I wasn't going to post this for another week or two, but reading the other thread about spring vs. mild steel made me want to jump the gun a bit.
So I have been experimenting with various heat treatment recipes for spring steel in order to decide which recipe would produce the best and most reliable results for production use with my armour.
After subjecting a whole bunch of test pieces to all sorts of abuse in my shop I made 4 test plates and handed them to one of my self-described "gun-nut" students (the guy has more firearms than I do hammers) with instructions to shoot them with "old guns" and to report back to me.
The results of this very unscientific test are as follows.
Hardening process: Pieces were heated to approx 1550 degrees F and immediately quenched in canola oil (vegetable oil). Anecdotaly, veggie oil seems to give a quench somewhere between that of transmission fluid and water. I have chosen to use it in my shop because the transmission fluid made the shop stink to high heaven and tastes like it would kill me slowly.

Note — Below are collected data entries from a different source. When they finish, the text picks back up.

(* Let $A=A_s+A_d\epsilon\in\mathbb{DC}^{m\times n}$ and let $A=U\Sigma V^*$ be a singular value decomposition of $A$, where $U\in\mathbb{DC}^{m\times m}$ and $V\in\mathbb{DC}^{n\times n}$ are unitary dual complex matrices and $$\Sigma=\begin{bmatrix}\Sigma_{1s}&O\\O&O\end{bmatrix}+\begin{bmatrix}\Sigma_{1d}&O\\O&\Sigma_{2d}\end{bmatrix}\epsilon\in\mathbb{D}^{m\times n},$$ with $\Sigma_1=\Sigma_{1s}+\Sigma_{1d}\epsilon=\mathrm{diag}(\mu_1,\dots,\mu_r)$, $\mu_1\ge\dots\ge\mu_r$ positive appreciable dual real numbers, and $\Sigma_{2d}\epsilon=\mathrm{diag}(\mu_{r+1},\dots,\mu_t,0,\dots,0)$ with $\mu_{r+1}\ge\dots\ge\mu_t$ positive infinitesimal dual real numbers, $r\le t\le\min\{m,n\}$. Define $$\Sigma^G=\begin{bmatrix}\Sigma_1^{-1}&O\\O&O\end{bmatrix}=\begin{bmatrix}\Sigma_{1s}^{-1}&O\\O&O\end{bmatrix}-\begin{bmatrix}\Sigma_{1s}^{-2}\Sigma_{1d}&O\\O&O\end{bmatrix}\epsilon\in\mathbb{D}^{n\times m},\qquad A^G=V\Sigma^G U^*.$$ Then $X=A^G$ satisfies the four conditions (1e) $AXA=A_e$, (2) $XAX=X$, (3) $(AX)^*=AX$, (4) $(XA)^*=XA$, and it is the unique $X\in\mathbb{DC}^{n\times m}$ satisfying these four conditions. Moreover, if $A_d=O$ (i.e. $A$ is a complex matrix), then $A^G=A_s^+$, the Moore–Penrose inverse of $A_s$.
   Context: A dual number is $a=a_s+a_d\epsilon$ where $\epsilon\neq0$, $\epsilon^2=0$, and $\epsilon$ commutes with real/complex numbers; it is a dual real (resp. dual complex) number if $a_s,a_d$ are real (resp. complex). It is appreciable if $a_s\neq0$ and infinitesimal otherwise. Dual reals are totally ordered by: $a>b$ iff $a_s>b_s$, or $a_s=b_s$ and $a_d>b_d$. For appreciable $\mu$, $\mu^{-1}=\mu_s^{-1}-\mu_s^{-2}\mu_d\epsilon$. A dual complex matrix is $A=A_s+A_d\epsilon$ with $A_s,A_d$ complex matrices; $A^*=A_s^*+A_d^*\epsilon$; $U$ is unitary if $U^*U=UU^*=I$. Every $A\in\mathbb{DC}^{m\times n}$ has a singular value decomposition $A=U\Sigma V^*$ as in the statement, and the diagonal entries $\mu_1,\dots,\mu_t$ (with multiplicities) are unique. The essential part of $A$ is $A_e=U\begin{bmatrix}\Sigma_1&O\\O&O\end{bmatrix}V^*$ (with $\Sigma_1=\mathrm{diag}(\mu_1,\dots,\mu_r)$ the appreciable singular values); it is well-defined independent of the chosen SVD. A matrix $X$ satisfying (1e),(2),(3),(4) is called the genuine Moore–Penrose inverse (GMPI) of $A$, denoted $A^G$. *)

theory Defs
  imports Complex_Main "Jordan_Normal_Form.Matrix"
begin

definition ctrans :: "complex mat \<Rightarrow> complex mat" where
  "ctrans A = mat (dim_col A) (dim_row A) (\<lambda>(i,j). cnj (A $$ (j,i)))"

(* A dual complex matrix A_s + A_d \<epsilon> is represented by the pair (A_s, A_d) *)
type_synonym dcmat = "complex mat \<times> complex mat"

definition dcarrier :: "nat \<Rightarrow> nat \<Rightarrow> dcmat set" where
  "dcarrier m n = {A. fst A \<in> carrier_mat m n \<and> snd A \<in> carrier_mat m n}"

(* (A_s + A_d e)(B_s + B_d e) = A_s B_s + (A_s B_d + A_d B_s) e, since e^2 = 0 *)
definition dmult :: "dcmat \<Rightarrow> dcmat \<Rightarrow> dcmat" (infixl "**\<^sub>d" 70) where
  "dmult A B = (fst A * fst B, fst A * snd B + snd A * fst B)"

definition dstar :: "dcmat \<Rightarrow> dcmat" where
  "dstar A = (ctrans (fst A), ctrans (snd A))"

definition dunitary :: "nat \<Rightarrow> dcmat \<Rightarrow> bool" where
  "dunitary k U \<longleftrightarrow> U \<in> dcarrier k k \<and>
     dmult (dstar U) U = (1\<^sub>m k, 0\<^sub>m k k) \<and> dmult U (dstar U) = (1\<^sub>m k, 0\<^sub>m k k)"

(* Dual real numbers a_s + a_d e as pairs (a_s, a_d), with the total (lexicographic) order *)
type_synonym dreal = "real \<times> real"

definition dreal_le :: "dreal \<Rightarrow> dreal \<Rightarrow> bool" where
  "dreal_le a b \<longleftrightarrow> fst a < fst b \<or> (fst a = fst b \<and> snd a \<le> snd b)"

definition dreal_less :: "dreal \<Rightarrow> dreal \<Rightarrow> bool" where
  "dreal_less a b \<longleftrightarrow> fst a < fst b \<or> (fst a = fst b \<and> snd a < snd b)"

definition dreal_inv :: "dreal \<Rightarrow> dreal" where
  "dreal_inv a = (1 / fst a, - snd a / (fst a)\<^sup>2)"

definition ddiag :: "nat \<Rightarrow> nat \<Rightarrow> (nat \<Rightarrow> dreal) \<Rightarrow> dcmat" where
  "ddiag m n d =
     (mat m n (\<lambda>(i,j). if i = j then complex_of_real (fst (d i)) else 0),
      mat m n (\<lambda>(i,j). if i = j then complex_of_real (snd (d i)) else 0))"

definition mp_inverse :: "complex mat \<Rightarrow> complex mat" where
  "mp_inverse A = (THE X. X \<in> carrier_mat (dim_col A) (dim_row A) \<and>
      A * X * A = A \<and> X * A * X = X \<and> ctrans (A * X) = A * X \<and> ctrans (X * A) = X * A)"

end

theory Submission
  imports Defs
begin

(*
  Both sides of the four conditions transform covariantly under A |-> U A V*, X |-> V X U* for
  unitary U, V, so it suffices to treat the diagonal dual matrix Sigma.  There, comparing the
  standard and the dual parts of the four equations entry by entry forces X to be diagonal, with
  mu_s^-1 - mu_s^-2 mu_d eps at the appreciable singular values and 0 elsewhere.  If A_d = O,
  the dual part of U* A V = Sigma has the form Sigma_s M + N Sigma_s, whose diagonal vanishes
  wherever that of Sigma_s does; so A has no infinitesimal singular values, A_e = A, and for
  complex X the four conditions are just the Penrose equations.
*)

section \<open>Conjugate transpose and dual complex matrices\<close>

lemma ctrans_dims [simp]:
  "dim_row (ctrans A) = dim_col A" "dim_col (ctrans A) = dim_row A"
  by (simp_all add: ctrans_def)

lemma ctrans_carrier_mat [simp]: "A \<in> carrier_mat m n \<Longrightarrow> ctrans A \<in> carrier_mat n m"
  by (simp add: ctrans_def)

lemma index_ctrans [simp]:
  "i < dim_col A \<Longrightarrow> j < dim_row A \<Longrightarrow> ctrans A $$ (i, j) = cnj (A $$ (j, i))"
  by (simp add: ctrans_def)

lemma ctrans_ctrans [simp]: "ctrans (ctrans A) = A"
  by (rule eq_matI) auto

lemma ctrans_zero [simp]: "ctrans (0\<^sub>m m n) = 0\<^sub>m n m"
  by (rule eq_matI) auto

lemma ctrans_add:
  "A \<in> carrier_mat m n \<Longrightarrow> B \<in> carrier_mat m n \<Longrightarrow> ctrans (A + B) = ctrans A + ctrans B"
  by (rule eq_matI) auto

lemma ctrans_mult:
  "A \<in> carrier_mat m k \<Longrightarrow> B \<in> carrier_mat k n \<Longrightarrow> ctrans (A * B) = ctrans B * ctrans A"
  by (rule eq_matI) (auto simp: scalar_prod_def cnj_sum intro!: sum.cong)

lemma dmult_dcarrier: "A \<in> dcarrier m k \<Longrightarrow> B \<in> dcarrier k n \<Longrightarrow> A **\<^sub>d B \<in> dcarrier m n"
  by (auto simp: dcarrier_def dmult_def)

lemma dstar_dcarrier: "A \<in> dcarrier m n \<Longrightarrow> dstar A \<in> dcarrier n m"
  by (auto simp: dcarrier_def dstar_def)

lemma dstar_dstar [simp]: "dstar (dstar A) = A"
  by (simp add: dstar_def)

lemma dmult_assoc:
  assumes "A \<in> dcarrier a b" "B \<in> dcarrier b c" "C \<in> dcarrier c d"
  shows "A **\<^sub>d B **\<^sub>d C = A **\<^sub>d (B **\<^sub>d C)"
proof -
  obtain As Ad Bs Bd Cs Cd where AB: "A = (As, Ad)" "B = (Bs, Bd)" "C = (Cs, Cd)"
    by (cases A, cases B, cases C) auto
  have c: "As \<in> carrier_mat a b" "Ad \<in> carrier_mat a b" "Bs \<in> carrier_mat b c"
    "Bd \<in> carrier_mat b c" "Cs \<in> carrier_mat c d" "Cd \<in> carrier_mat c d"
    using assms AB by (auto simp: dcarrier_def)
  have "(As * Bd + Ad * Bs) * Cs = As * Bd * Cs + Ad * Bs * Cs"
    using c by (intro add_mult_distrib_mat) auto
  moreover have "As * (Bs * Cd + Bd * Cs) = As * (Bs * Cd) + As * (Bd * Cs)"
    using c by (intro mult_add_distrib_mat) auto
  ultimately have "As * Bs * Cd + (As * Bd + Ad * Bs) * Cs
      = As * (Bs * Cd + Bd * Cs) + Ad * (Bs * Cs)"
    using c by (simp add: assoc_add_mat[of _ a d])
  then show ?thesis
    using c AB by (simp add: dmult_def)
qed

lemma dstar_dmult:
  assumes "A \<in> dcarrier m k" "B \<in> dcarrier k n"
  shows "dstar (A **\<^sub>d B) = dstar B **\<^sub>d dstar A"
  using assms
  by (auto simp: dcarrier_def dstar_def dmult_def ctrans_add[of _ m n] ctrans_mult[of _ m k]
      intro: comm_add_mat[of _ n m])

lemma fst_dmult: "fst (A **\<^sub>d B) = fst A * fst B"
  by (simp add: dmult_def)

lemma snd_dmult: "snd (A **\<^sub>d B) = fst A * snd B + snd A * fst B"
  by (simp add: dmult_def)

lemma fst_dstar: "fst (dstar A) = ctrans (fst A)"
  by (simp add: dstar_def)

lemma snd_dstar: "snd (dstar A) = ctrans (snd A)"
  by (simp add: dstar_def)

lemma dmult_complex:
  "B \<in> carrier_mat m k \<Longrightarrow> C \<in> carrier_mat k n \<Longrightarrow> (B, 0\<^sub>m m k) **\<^sub>d (C, 0\<^sub>m k n) = (B * C, 0\<^sub>m m n)"
  by (simp add: dmult_def)

lemma dmult_one_left: "A \<in> dcarrier m n \<Longrightarrow> (1\<^sub>m m, 0\<^sub>m m m) **\<^sub>d A = A"
  by (auto simp: dcarrier_def dmult_def)

lemma dmult_one_right: "A \<in> dcarrier m n \<Longrightarrow> A **\<^sub>d (1\<^sub>m n, 0\<^sub>m n n) = A"
  by (auto simp: dcarrier_def dmult_def)

lemma dunitaryD:
  assumes "dunitary k U"
  shows "U \<in> dcarrier k k" "dstar U \<in> dcarrier k k"
    "dstar U **\<^sub>d U = (1\<^sub>m k, 0\<^sub>m k k)" "U **\<^sub>d dstar U = (1\<^sub>m k, 0\<^sub>m k k)"
  using assms dstar_dcarrier by (auto simp: dunitary_def)

lemma dunitary_dstar: "dunitary k U \<Longrightarrow> dunitary k (dstar U)"
  by (auto simp: dunitary_def dstar_dcarrier)

lemma dunitary_cancel_left:
  assumes "dunitary k B" "Y \<in> dcarrier k c"
  shows "dstar B **\<^sub>d (B **\<^sub>d Y) = Y"
  using dmult_assoc[OF dunitaryD(2,1)[OF assms(1)] assms(2)]
  by (simp add: dunitaryD(3)[OF assms(1)] dmult_one_left[OF assms(2)])

lemma dunitary_cancel_right:
  assumes "dunitary k B" "Y \<in> dcarrier c k"
  shows "Y **\<^sub>d dstar B **\<^sub>d B = Y"
  using dmult_assoc[OF assms(2) dunitaryD(2,1)[OF assms(1)]]
  by (simp add: dunitaryD(3)[OF assms(1)] dmult_one_right[OF assms(2)])

lemma dmult_dunitary_cancel_mid:
  assumes L: "L \<in> dcarrier a a'" and P: "P \<in> dcarrier a' k" and B: "dunitary k B"
    and Q: "Q \<in> dcarrier k c'" and R: "R \<in> dcarrier c' c"
  shows "(L **\<^sub>d P **\<^sub>d dstar B) **\<^sub>d (B **\<^sub>d Q **\<^sub>d R) = L **\<^sub>d (P **\<^sub>d Q) **\<^sub>d R"
proof -
  note b = dunitaryD[OF B]
  have LP: "L **\<^sub>d P \<in> dcarrier a k" and QR: "Q **\<^sub>d R \<in> dcarrier k c"
    using dmult_dcarrier[OF L P] dmult_dcarrier[OF Q R] .
  have "(L **\<^sub>d P **\<^sub>d dstar B) **\<^sub>d (B **\<^sub>d Q **\<^sub>d R)
      = L **\<^sub>d P **\<^sub>d (dstar B **\<^sub>d (B **\<^sub>d (Q **\<^sub>d R)))"
    unfolding dmult_assoc[OF b(1) Q R]
    by (rule dmult_assoc[OF LP b(2) dmult_dcarrier[OF b(1) QR]])
  also have "\<dots> = L **\<^sub>d P **\<^sub>d Q **\<^sub>d R"
    unfolding dunitary_cancel_left[OF B QR] by (rule dmult_assoc[OF LP Q R, symmetric])
  also have "\<dots> = L **\<^sub>d (P **\<^sub>d Q) **\<^sub>d R"
    unfolding dmult_assoc[OF L P Q] ..
  finally show ?thesis .
qed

The canola oil smells like french fries and doesn't smoke nearly as much.
All pieces are approx 6"x6" and were cold dished to a depth of approx 2".
Test piece A: 16 gauge cold rolled mild steel. No heat-treatment
Test piece B: .062" 1050 Steel. Hardened and then tempered at 650 degrees F for 30 minutes and then air cooled.
Test piece C: .062" 1050 steel. Hardened and then tempered at 600 degrees F for 30 minutes and then air cooled.
Test piece D: .062" 1050 steel. Hardened and then tempered at 550 degrees F for 30 minutes and then air cooled.
All 4 test pieces were shot twice at close range while braced against the wall of a sand pit.
First with a .32 caliber black powder dueling pistol.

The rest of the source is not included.